WHAT YOU NEED TO DO:
Once the line with "then show ?thesis by (simp" is found in the data, output it and each following line exactly, up to and including the line with "(\<forall>D\<subseteq>A. card (uncut", and nothing before or after.

[Stored data]
%%

lemma qm_even:
  assumes S: "S > 0" and c: "c > 0" and n: "n > 0" "even n"
  shows "(real n - 1) * pi / (2 * S) < qm S c n \<and> qm S c n < real n * pi / (2 * S)
         \<and> tan (qm S c n * S) = - c * qm S c n"
proof -
  define p where "p = n div 2"
  have np: "real n = 2 * real p" and p: "p \<ge> 1" using n by (auto simp: p_def elim!: evenE)
  define lo hi where "lo = (real p - 1/2) * pi / S" and "hi = real p * pi / S"
  have loS: "lo * S = real p * pi - pi / 2" and hiS: "hi * S = real p * pi"
    using S by (simp_all add: lo_def hi_def field_simps)
  define P where "P = (\<lambda>q. lo < q \<and> q < hi \<and> tan (q * S) = - c * q)"
  have qm_eq: "qm S c n = (THE q. P q)"
    using n c unfolding qm_def P_def lo_def hi_def p_def by (simp add: field_simps)
  \<comment> \<open>Clearing the denominator of tan gives a function that changes sign on [lo, hi].\<close>
  define \<psi> where "\<psi> = (\<lambda>q. (-1) ^ p * (sin (q * S) + c * q * cos (q * S)))"
  have "\<psi> lo = -1" "\<psi> hi = c * hi" "continuous_on {lo..hi} \<psi>"
    unfolding \<psi>_def loS hiS by (auto simp: sin_diff cos_diff simp flip: power_mult_distrib intro!: continuous_intros)
  moreover have "lo < hi" "c * hi > 0" using S c p by (simp_all add: lo_def hi_def field_simps)
  ultimately obtain x where x: "lo \<le> x" "x \<le> hi" "\<psi> x = 0"
    using IVT'[of \<psi> lo 0 hi] by force
  then have x: "lo < x" "x < hi" "\<psi> x = 0"
    using \<open>\<psi> lo = -1\<close> \<open>\<psi> hi = c * hi\<close> \<open>c * hi > 0\<close> by (auto simp: order_le_less)
  have root: "sin (x * S) + c * x * cos (x * S) = 0" using x(3) by (simp add: \<psi>_def)
  have "cos (x * S) \<noteq> 0"
  proof
    assume "cos (x * S) = 0"
    with root have "sin (x * S) = 0" by simp
    with \<open>cos (x * S) = 0\<close> show False using sin_cos_squared_add[of "x * S"] by simp
  qed
  then have Px: "P x" using x root by (auto simp: P_def tan_def field_simps add_eq_0_iff)
  have "qm S c n = x"
    unfolding qm_eq
  proof (rule the_equality)
    show "P x" by (fact Px)
  next
    fix y assume "P y"
    then show "y = x"
      using tan_eq_nonincreasing_unique[of S p lo hi "\<lambda>q. - c * q" y x] S Px loS hiS c
      unfolding P_def by auto
  qed
  then show ?thesis using Px S unfolding P_def lo_def hi_def by (simp add: np field_simps)
qed
lemma card_uncut_insert_half:
  assumes hyp: "hypergraph V (insert e A)" and S0: "S0 \<in> uncut V A"
    and cut: "e \<in> hcut V (insert e A) S0"
  shows "2 * card (uncut V (insert e A)) \<le> card (uncut V A)"
proof -
  let ?U = "uncut V (insert e A)"
  have hypA: "hypergraph V A" and hype: "hypergraph V {e}"
    using hyp by (auto intro: hypergraph_subset)
  have fin: "finite (uncut V A)"
    using hyp finite_uncut unfolding hypergraph_def by blast
  have UA: "?U \<subseteq> uncut V A" by (rule uncut_antimono) blast
  have S0V: "S0 \<subseteq> V" using S0 by (simp add: uncut_def)
  have flip: "sym_diff S0 S \<in> uncut V A - ?U" if S: "S \<in> ?U" for S
  proof -
    have "S \<in> uncut V {e}" using S uncut_antimono[of "{e}" "insert e A"] by blast
    then have eq: "hcut V {e} (sym_diff S0 S) = hcut V {e} S0"
      by (rule hcut_sym_diff[OF hype S0V])
    have "e \<in> hcut V {e} S0" using cut by (simp add: mem_hcut_iff)
    then have "e \<in> hcut V {e} (sym_diff S0 S)" by (simp only: eq)
    then have "e \<in> hcut V (insert e A) (sym_diff S0 S)" by (simp add: mem_hcut_iff)
    then show ?thesis
      using sym_diff_mem_uncut[OF hypA S0] S UA by (auto simp: uncut_def)
  qed
  have inj: "inj_on (sym_diff S0) ?U" by (rule inj_onI) blast
  have "card ?U = card (sym_diff S0 ` ?U)" by (rule card_image[OF inj, symmetric])
  also have "\<dots> \<le> card (uncut V A - ?U)"
    using flip fin by (intro card_mono) auto
  also have "\<dots> = card (uncut V A) - card ?U"
    using fin UA by (simp add: card_Diff_subset finite_subset)
  finally show ?thesis by linarith
qed

text \<open>The cuts of \<open>E\<close> realised by sets in \<open>uncut V C\<close> are disjoint cosets of \<open>uncut V E\<close>
  inside \<open>uncut V C\<close>.\<close>

lemma card_cuts_mult_card_uncut_le:
  assumes hyp: "hypergraph V E" and CE: "C \<subseteq> E" and \<D>: "\<D> \<subseteq> hcut V E ` uncut V C"
  shows "card \<D> * card (uncut V E) \<le> card (uncut V C)"
proof -
  obtain rep where rep: "\<And>D. D \<in> \<D> \<Longrightarrow> rep D \<in> uncut V C \<and> hcut V E (rep D) = D"
    using \<D> by (metis f_inv_into_f inv_into_into subsetD)
  define f where "f = (\<lambda>(D, T). sym_diff (rep D) T)"
  have hypC: "hypergraph V C" using hyp CE by (rule hypergraph_subset)
  have fin: "finite (uncut V C)"
    using hyp finite_uncut unfolding hypergraph_def by blast
  have hcut_f: "hcut V E (f (D, T)) = D" if "D \<in> \<D>" "T \<in> uncut V E" for D T
    using hcut_sym_diff[OF hyp _ that(2), of "rep D"] rep[OF that(1)]
    by (simp add: f_def uncut_def)
  have "inj_on f (\<D> \<times> uncut V E)"
  proof (rule inj_onI, clarify)
    fix D T D' T'
    assume "D \<in> \<D>" "T \<in> uncut V E" "D' \<in> \<D>" "T' \<in> uncut V E" and eq: "f (D, T) = f (D', T')"
    then have "D = D'" using hcut_f by metis
    with eq show "D = D' \<and> T = T'" by (auto simp: f_def)
  qed
  moreover have "f ` (\<D> \<times> uncut V E) \<subseteq> uncut V C"
    using rep uncut_antimono[OF CE, of V]
    by (auto simp: f_def intro!: sym_diff_mem_uncut[OF hypC])
  ultimately have "card (\<D> \<times> uncut V E) \<le> card (uncut V C)"
    using card_inj_on_le fin by blast
  then show ?thesis by (simp add: card_cartesian_product)
qed

definition removal_stable :: "'a set \<Rightarrow> 'a set set \<Rightarrow> nat \<Rightarrow> bool" where
  "removal_stable V A d \<longleftrightarrow>
     (\<forall>D\<subseteq>A. card (uncut V (A - D)) ^ d \<le> card (uncut V A) ^ d * 2 ^ card D)"

lemma exists_removal_stable:
  assumes "hypergraph V E"
  shows "\<exists>F\<subseteq>E. 2 ^ card F * card (uncut V E) ^ d \<le> card (uncut V (E - F)) ^ d
                 \<and> removal_stable V (E - F) d"
  using assms
proof (induction "2 ^ card V - card (uncut V E)" arbitrary: E rule: less_induct)
  case (less E)
  show ?case
  proof (cases "removal_stable V E d")
    case True
    then show ?thesis by (intro exI[of _ "{}"]) simp
  next
    case False
    then obtain D where DE: "D \<subseteq> E"
      and grow: "card (uncut V E) ^ d * 2 ^ card D < card (uncut V (E - D)) ^ d"
      unfolding removal_stable_def by (auto simp: not_le)
    have finV: "finite V" using less.prems by (simp add: hypergraph_def)
    have "card (uncut V E) ^ d \<le> card (uncut V E) ^ d * 2 ^ card D" by simp
    with grow have "card (uncut V E) ^ d < card (uncut V (E - D)) ^ d" by linarith
    then have "card (uncut V E) < card (uncut V (E - D))"
      by (rule power_less_imp_less_base) simp
    with card_uncut_le[OF finV, of "E - D"]
    have "2 ^ card V - card (uncut V (E - D)) < 2 ^ card V - card (uncut V E)" by linarith
    with less.hyps obtain F where FE: "F \<subseteq> E - D"
      and F: "2 ^ card F * card (uncut V (E - D)) ^ d \<le> card (uncut V (E - D - F)) ^ d"
      and stable: "removal_stable V (E - D - F) d"
      using hypergraph_subset[OF less.prems, of "E - D"] by blast
    have card_DF: "card (D \<union> F) = card D + card F"
      using FE DE finite_edges[OF less.prems]
      by (intro card_Un_disjoint) (auto intro: finite_subset)
    have "2 ^ card (D \<union> F) * card (uncut V E) ^ d
          = 2 ^ card F * (card (uncut V E) ^ d * 2 ^ card D)"
      by (simp add: card_DF power_add)
    also have "\<dots> \<le> 2 ^ card F * card (uncut V (E - D)) ^ d" using grow by simp
    also have "\<dots> \<le> card (uncut V (E - (D \<union> F))) ^ d" using F by (simp add: Diff_eq Int_assoc)
    finally show ?thesis
      using stable DE FE by (intro exI[of _ "D \<union> F"]) (auto simp: Diff_eq Int_assoc)
  qed
qed
lemma swap_BC_tensor3: "swap_BC (tensor3 A B C) = tensor3 A C B"
  unfolding swap_BC_def tensor3_def by (simp add: fun_eq_iff)

lemma swap_AB_add: "swap_AB (\<lambda>i j. S i j + T i j) = (\<lambda>i j. swap_AB S i j + swap_AB T i j)"
  unfolding swap_AB_def by (simp add: fun_eq_iff)

lemma swap_BC_add: "swap_BC (\<lambda>i j. S i j + T i j) = (\<lambda>i j. swap_BC S i j + swap_BC T i j)"
  unfolding swap_BC_def by (simp add: fun_eq_iff)

lemma swap_AB_involutive [simp]: "swap_AB (swap_AB T) = T"
  unfolding swap_AB_def by (simp add: fun_eq_iff)

lemma swap_BC_involutive [simp]: "swap_BC (swap_BC T) = T"
  unfolding swap_BC_def by (simp add: fun_eq_iff)

lemma has_decomposition_swap_AB: "has_decomposition T r \<Longrightarrow> has_decomposition (swap_AB T) r"
  unfolding has_decomposition_def swap_AB_def tensor3_def
  by (elim exE, rule_tac x=B in exI, rule_tac x=A in exI, rule_tac x=C in exI)
     (auto simp: fun_eq_iff mult_ac)

lemma has_decomposition_swap_BC: "has_decomposition T r \<Longrightarrow> has_decomposition (swap_BC T) r"
  unfolding has_decomposition_def swap_BC_def tensor3_def
  by (elim exE, rule_tac x=A in exI, rule_tac x=C in exI, rule_tac x=B in exI)
     (auto simp: fun_eq_iff mult_ac)

lemma schmidt_rank_swap_AB [simp]: "schmidt_rank (swap_AB T) = schmidt_rank T"
  by (metis schmidt_rank_cong has_decomposition_swap_AB swap_AB_involutive)

lemma schmidt_rank_swap_BC [simp]: "schmidt_rank (swap_BC T) = schmidt_rank T"
  by (metis schmidt_rank_cong has_decomposition_swap_BC swap_BC_involutive)

lemma swap_AB_tensor_at: "swap_AB (tensor_at f) = tensor_at (f \<circ> Transposition.transpose 0 1)"
  unfolding tensor_at_def swap_AB_tensor3 by simp

lemma swap_BC_tensor_at: "swap_BC (tensor_at f) = tensor_at (f \<circ> Transposition.transpose 1 2)"
  unfolding tensor_at_def swap_BC_tensor3 by simp

lemma transpose_eq_transpose_iff:
  "Transposition.transpose a b q = c \<longleftrightarrow> q = Transposition.transpose a b c"
  by (metis transpose_involutory)

lemma swap_AB_cnot:
  "swap_AB (cnot c t) = cnot (Transposition.transpose 0 1 c) (Transposition.transpose 0 1 t)"
  unfolding cnot_def swap_AB_add swap_AB_tensor_at by (simp only: o_def transpose_eq_transpose_iff)

lemma swap_BC_cnot:
  "swap_BC (cnot c t) = cnot (Transposition.transpose 1 2 c) (Transposition.transpose 1 2 t)"
  unfolding cnot_def swap_BC_add swap_BC_tensor_at by (simp only: o_def transpose_eq_transpose_iff)
section \<open>The global energy as a sum of face energies\<close>

lemma surface_triangulation_basics:
  assumes "surface_triangulation V F"
  shows "finite V" "finite F" "\<And>f. f \<in> F \<Longrightarrow> card f = 3" "\<And>f. f \<in> F \<Longrightarrow> f \<subseteq> V"
proof -
  show "finite V" "\<And>f. f \<in> F \<Longrightarrow> card f = 3" "\<And>f. f \<in> F \<Longrightarrow> f \<subseteq> V"
    using assms unfolding surface_triangulation_def by blast+
  then show "finite F" using finite_subset[of F "Pow V"] by blast
qed

text \<open>The energy of d' with respect to the cotangent weights of d.  It depends on d only
through the weights, i.e. through the Laplace matrix of d.\<close>

definition weighted_energy ::
  "'a set \<Rightarrow> 'a set set \<Rightarrow> ('a set \<Rightarrow> real) \<Rightarrow> ('a set \<Rightarrow> real) \<Rightarrow> real" where
  "weighted_energy V F d d' =
     (\<Sum>i\<in>V. \<Sum>j\<in>V. if i \<noteq> j then cot_weight F d i j * (d' {i,j})^2 else 0)"

text \<open>Double counting: each cotangent weight is half the sum of contributions of the
faces containing its edge, so the energy regroups into face energies.\<close>

lemma weighted_energy_faces:
  assumes st: "surface_triangulation V F"
  shows "weighted_energy V F d d' = (\<Sum>f\<in>F. face_energy d d' f) / 2"
proof -
  note S = surface_triangulation_basics[OF st]
  define G where "G i j f = (if i \<noteq> j \<and> {i,j} \<subseteq> f
      then cot (tri_angle d i j (the_elem (f - {i,j}))) * (d' {i,j})^2 else 0)" for i j f
  have pair: "(if i \<noteq> j then cot_weight F d i j * (d' {i,j})^2 else 0) = (\<Sum>f\<in>F. G i j f) / 2"
    for i j
  proof (cases "i \<noteq> j \<and> {i,j} \<in> edges F")
    case True
    then show ?thesis unfolding cot_weight_def G_def using S(2)
      by (auto simp: sum_distrib_right sum.inter_filter intro!: sum.cong)
  next
    case False
    then have "G i j f = 0" if "f \<in> F" for f
      using edge_of_face[OF that] unfolding G_def by auto
    then show ?thesis using False by (auto simp: cot_weight_def)
  qed
  have face: "(\<Sum>i\<in>V. \<Sum>j\<in>V. G i j f) = face_energy d d' f" if f: "f \<in> F" for f
    unfolding face_energy_def
  proof (rule sum.mono_neutral_cong_right[OF S(1) S(4)[OF f]])
    show "\<forall>i\<in>V - f. (\<Sum>j\<in>V. G i j f) = 0" by (auto simp: G_def)
    show "(\<Sum>j\<in>V. G i j f) = (\<Sum>j\<in>f. if i \<noteq> j
        then cot (tri_angle d i j (the_elem (f - {i,j}))) * (d' {i,j})^2 else 0)" if "i \<in> f" for i
      by (rule sum.mono_neutral_cong_right[OF S(1) S(4)[OF f]]) (auto simp: G_def that)
  qed
  have "weighted_energy V F d d' = (\<Sum>i\<in>V. \<Sum>j\<in>V. \<Sum>f\<in>F. G i j f) / 2"
    unfolding weighted_energy_def pair by (simp add: sum_divide_distrib)
  also have "(\<Sum>i\<in>V. \<Sum>j\<in>V. \<Sum>f\<in>F. G i j f) = (\<Sum>f\<in>F. \<Sum>i\<in>V. \<Sum>j\<in>V. G i j f)"
    by (simp add: sum.swap[of _ V F])
  also have "\<dots> = (\<Sum>f\<in>F. face_energy d d' f)" using face by simp
  finally show ?thesis .
qed

text \<open>Equal cotangent weights force every face to be similar: the energies of (d1, d2)
and (d2, d2) coincide, while face by face the first dominates the second.\<close>

lemma equal_weights_faces_similar:
  assumes st: "surface_triangulation V F"
    and m1: "euclidean_metric F d1" and m2: "euclidean_metric F d2"
    and w: "\<forall>i\<in>V. \<forall>j\<in>V. i \<noteq> j \<longrightarrow> cot_weight F d1 i j = cot_weight F d2 i j"
    and f: "f \<in> F"
  shows "\<exists>c>0. scaled_on f d1 d2 c"
proof -
  note S = surface_triangulation_basics[OF st]
  have "weighted_energy V F d1 d2 = weighted_energy V F d2 d2"
    unfolding weighted_energy_def using w by (intro sum.cong refl) auto
  then have "(\<Sum>g\<in>F. face_energy d1 d2 g - face_energy d2 d2 g) = 0"
    unfolding weighted_energy_faces[OF st] by (simp add: sum_subtractf)
  moreover have nonneg: "0 \<le> face_energy d1 d2 g - face_energy d2 d2 g" if "g \<in> F" for g
    using face_energy_compare(1)[OF m1 m2 that S(3)[OF that]] by simp
  ultimately have "\<forall>g\<in>F. face_energy d1 d2 g - face_energy d2 d2 g = 0"
    using sum_nonneg_eq_0_iff[OF S(2), of "\<lambda>g. face_energy d1 d2 g - face_energy d2 d2 g"] nonneg
    by blast
  then have "face_energy d1 d2 f - face_energy d2 d2 f = 0" using f by blast
  then show ?thesis using face_energy_compare(2)[OF m1 m2 f S(3)[OF f]] by simp
qed

section \<open>Gluing the similarity ratios of the faces\<close>

lemma link_connected:
  assumes "surface_triangulation V F" "v \<in> V" "u \<in> link_vertices F v" "w \<in> link_vertices F v"
  shows "(u, w) \<in> {(x, y). {x, y} \<in> link_edges F v}\<^sup>*"
  using assms unfolding surface_triangulation_def by simp

lemma skeleton_connected:
  assumes "surface_triangulation V F" "u \<in> V" "w \<in> V"
  shows "(u, w) \<in> {(x, y). {x, y} \<in> edges F}\<^sup>*"
  using assms unfolding surface_triangulation_def by simp

lemma scaled_on_shared_edge:
  assumes "scaled_on f d1 d2 a" "scaled_on g d1 d2 b"
    and "u \<in> f" "v \<in> f" "u \<in> g" "v \<in> g" "u \<noteq> v" "d1 {u,v} > 0"
  shows "a = b"
proof -
  have sub: "{u,v} \<subseteq> f" "{u,v} \<subseteq> g" using assms(3-6) by simp_all
  have card: "card {u,v} = 2" using assms(7) by simp
  have "a * d1 {u,v} = b * d1 {u,v}"
    using scaled_onD[OF assms(1) sub(1) card] scaled_onD[OF assms(2) sub(2) card] by (rule trans[OF sym])
  then show ?thesis using assms(8) by simp
qed

lemma triangle_other_vertex:
  assumes "card f = 3" shows "\<exists>u\<in>f. u \<noteq> v"
proof -
  have "\<not> f \<subseteq> {v}"
  proof
    assume "f \<subseteq> {v}"
    then have "card f \<le> card {v}" by (intro card_mono) simp_all
    then show False using assms by simp
  qed
  then show ?thesis by blast
qed

text \<open>Around a vertex v the faces form a connected chain (the link of v is connected),
and consecutive faces share an edge through v, so they all have the same ratio.\<close>

lemma scale_constant_around_vertex:
  assumes st: "surface_triangulation V F" and m1: "euclidean_metric F d1"
    and cf: "\<forall>h\<in>F. scaled_on h d1 d2 (cf h)"
    and fg: "f \<in> F" "g \<in> F" "v \<in> f" "v \<in> g"
  shows "cf f = cf g"
proof -
  note S = surface_triangulation_basics[OF st]
  have share: "cf h = cf h'"
    if h: "h \<in> F" "h' \<in> F" "v \<in> h" "v \<in> h'" "y \<in> h" "y \<in> h'" "y \<noteq> v" for h h' y
  proof -
    have "d1 {v,y} > 0" using edge_length_pos[OF m1 edge_of_face[OF h(1,3,5)]] h(7) by simp
    then show ?thesis
      using scaled_on_shared_edge[OF cf[rule_format, OF h(1)] cf[rule_format, OF h(2)]
          h(3,5,4,6) h(7)[symmetric]] by simp
  qed
  have in_link: "y \<in> link_vertices F v" if "h \<in> F" "v \<in> h" "y \<in> h" "y \<noteq> v" for h y
    using that unfolding link_vertices_def link_edges_def by blast
  obtain u where u: "u \<in> f" "u \<noteq> v" using triangle_other_vertex[OF S(3)[OF fg(1)]] by blast
  obtain w where w: "w \<in> g" "w \<noteq> v" using triangle_other_vertex[OF S(3)[OF fg(2)]] by blast
  have "v \<in> V" using S(4)[OF fg(1)] fg(3) by blast
  then have path: "(u, w) \<in> {(x, y). {x, y} \<in> link_edges F v}\<^sup>*"
    using link_connected[OF st _ in_link[OF fg(1,3) u] in_link[OF fg(2,4) w]] by simp
  have "y \<noteq> v \<and> (\<forall>h\<in>F. v \<in> h \<and> y \<in> h \<longrightarrow> cf h = cf f)"
    if "(u, y) \<in> {(x, y). {x, y} \<in> link_edges F v}\<^sup>*" for y
    using that
  proof (induction rule: rtrancl_induct)
    case base
    show ?case using share[OF _ fg(1) _ fg(3) _ u(1,2)] u(2) by blast
  next
    case (step x y)
    then obtain h0 where h0: "{x,y} = h0 - {v}" "h0 \<in> F" "v \<in> h0"
      unfolding link_edges_def by blast
    then have "x \<in> h0" "y \<in> h0" "y \<noteq> v" by blast+
    then show ?case using step.IH share[OF _ h0(2) _ h0(3)] h0(2,3) by metis
  qed
  from this[OF path] have "cf g = cf f" using fg(2,4) w(1) by simp
  then show ?thesis by simp
qed

text \<open>Since the 1-skeleton is connected, moving from face to face through common
vertices reaches every face, so all faces have the same ratio.\<close>

lemma scale_constant:
  assumes st: "surface_triangulation V F" and m1: "euclidean_metric F d1"
    and cf: "\<forall>h\<in>F. scaled_on h d1 d2 (cf h)"
    and fg: "f \<in> F" "g \<in> F"
  shows "cf f = cf g"
proof -
  note S = surface_triangulation_basics[OF st]
  note around = scale_constant_around_vertex[OF st m1 cf]
  obtain u where u: "u \<in> f" using triangle_other_vertex[OF S(3)[OF fg(1)]] by blast
  obtain w where w: "w \<in> g" using triangle_other_vertex[OF S(3)[OF fg(2)]] by blast
  have "u \<in> V" "w \<in> V" using S(4)[OF fg(1)] S(4)[OF fg(2)] u w by blast+
  then have path: "(u, w) \<in> {(x, y). {x, y} \<in> edges F}\<^sup>*" by (rule skeleton_connected[OF st])
  have "\<forall>h\<in>F. y \<in> h \<longrightarrow> cf h = cf f" if "(u, y) \<in> {(x, y). {x, y} \<in> edges F}\<^sup>*" for y
    using that
  proof (induction rule: rtrancl_induct)
    case base
    show ?case using around[OF _ fg(1) _ u] by simp
  next
    case (step x y)
    from step(2) have xy: "{x,y} \<in> edges F" by simp
    obtain h0 where h0: "h0 \<in> F" "x \<in> h0" "y \<in> h0" using edge_in_face[OF xy] by blast
    then have "cf h0 = cf f" using step.IH by simp
    then show ?case using around[OF _ h0(1) _ h0(3)] by simp
  qed
  from this[OF path] have "cf g = cf f" using fg(2) w by simp
  then show ?thesis by simp
qed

%%

ANSWER BOX:
  then show ?thesis by (simp add: card_cartesian_product)
qed

definition removal_stable :: "'a set \<Rightarrow> 'a set set \<Rightarrow> nat \<Rightarrow> bool" where
  "removal_stable V A d \<longleftrightarrow>
     (\<forall>D\<subseteq>A. card (uncut V (A - D)) ^ d \<le> card (uncut V A) ^ d * 2 ^ card D)"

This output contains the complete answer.